KJ:  What do you hope to achieve in midwifery in the United States? 

RF:  I’d like to be part of an increase in the percent of births attended by continuous-care midwifery, case-load midwifery, relationship-based care—whatever we’re calling the idea that a small group of midwives cares for a small group of families “continuously” throughout their pregnancies (and ideally longer). The fact that only approximately 10% of births are attended by midwives in the U.S. says something really depressing to me about the status of women in our country. The 10% also doesn’t capture quality of care, something else I’m really interested in and which consumers need to know to inform decisions about care seeking. That’s why I feel lucky to be keeping my public health skills active doing things like abstracting cases and facilitating quality assurance meetings around the findings as part of the NYC Department of Health’s expanding Severe Maternal Morbidity surveillance initiative.  

KJ:  How has your global experience influenced your clinical experience as a midwife in the US? 

RF:  My international experience left me with a default macro-level lens I can’t shake. I can’t put systems aside and focus only on the one person in front of me. I’m not sure yet what that means for my midwifery practice, but I have gotten enough signs that a public health midwife is employable so I’m not worried yet. Striving to become a better listener one-on-one is a humbling exercise I wish more people would undertake!
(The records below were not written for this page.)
lemma independent_xmon: "mp.independent (xmon ` X :: 'a::field mpoly set)"
  unfolding mp.independent_explicit_module
proof (intro allI impI)
  fix T u v
  assume T: "finite T" "T \<subseteq> (xmon ` X :: 'a mpoly set)" and sum0: "(\<Sum>w\<in>T. smult_mp (u w) w) = 0"
    and v: "v \<in> T"
  then obtain \<alpha> where v_eq: "v = xmon \<alpha>" by auto
  have "0 = Poly_Mapping.lookup (\<Sum>w\<in>T. smult_mp (u w) w) \<alpha>"
    using sum0 by simp
  also have "\<dots> = (\<Sum>w\<in>T. if w = v then u w else 0)"
    unfolding lookup_sum lookup_smult_mp
  proof (rule sum.cong)
    fix w assume "w \<in> T"
    then obtain \<beta> where "w = xmon \<beta>" using T by auto
    then show "u w * Poly_Mapping.lookup w \<alpha> = (if w = v then u w else 0)"
      using inj_xmon[where 'a='a] by (auto simp: v_eq lookup_xmon dest: injD)
  qed simp
  also have "\<dots> = u v"
    using T v by simp
  finally show "u v = 0" by simp
qed

lemma dim_monomial_space: "finite X \<Longrightarrow> kdim (monomial_space X :: 'a::field mpoly set) = card X"
  using mp.dim_span_eq_card_independent[OF independent_xmon, of X]
  by (simp add: span_xmon card_image inj_on_subset[OF inj_xmon])

lemma monomial_space_eq_iff:
  "(monomial_space A :: 'a::field mpoly set) = monomial_space B \<longleftrightarrow> A = B"
proof
  assume eq: "(monomial_space A :: 'a mpoly set) = monomial_space B"
  have "\<alpha> \<in> A \<longleftrightarrow> xmon \<alpha> \<in> (monomial_space A :: 'a mpoly set)"
    and "\<alpha> \<in> B \<longleftrightarrow> xmon \<alpha> \<in> (monomial_space B :: 'a mpoly set)" for \<alpha>
    by simp_all
  then show "A = B" using eq by blast
qed simp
Working with donor funding in places where there is an acknowledged need for improvement, even if incredibly fraught, seems more straightforward to me than trying to sell physiologic birth in the context of incentivization for everything but, where there does not seem to be consensus that something is massively off. While public health protocols can seem reductionist, I might in the long run be more interested in scale than depth. I hope I won’t have to choose and can find a way to balance the practice of public health and continuous-care midwifery. 

KJ:  What lessons do you want to keep from your global experience?

RF:  Whether in relation to my new clinical role or in relation to any other aspect of life in the U.S., the things I’d like to hang on to most from my time overseas (and the reason going back from time to time is helpful and enjoyable) are an acceptance (on good days) that things take as long as they take (within reason), and the knowledge that what one needs to be happy, materially, is quite minimal. If I can’t always aspire to these values in the U.S., I hope I’ll have the wisdom to leave.

KJ:  Oh, we hope you stay! 

RF:  Our New York State senate seems poised to make me want to stick around. Fingers crossed for single-payer and other obvious signs that progressive democracy still has a fighting chance.

KJ:  If that happens, what do you see yourself doing a year from now? 

RF:  I think I could be really happy operating out of a store front in East New York or eastern Queens, offering single-payer-funded prenatal, gynecological and postpartum care (maybe yoga, childbirth education and lactation support too?!) as part of a collective, catching wherever is both pro-midwifery and accessible to as many families as possible. I would also like to keep supporting public health and midwifery abroad if I can find a way to balance both.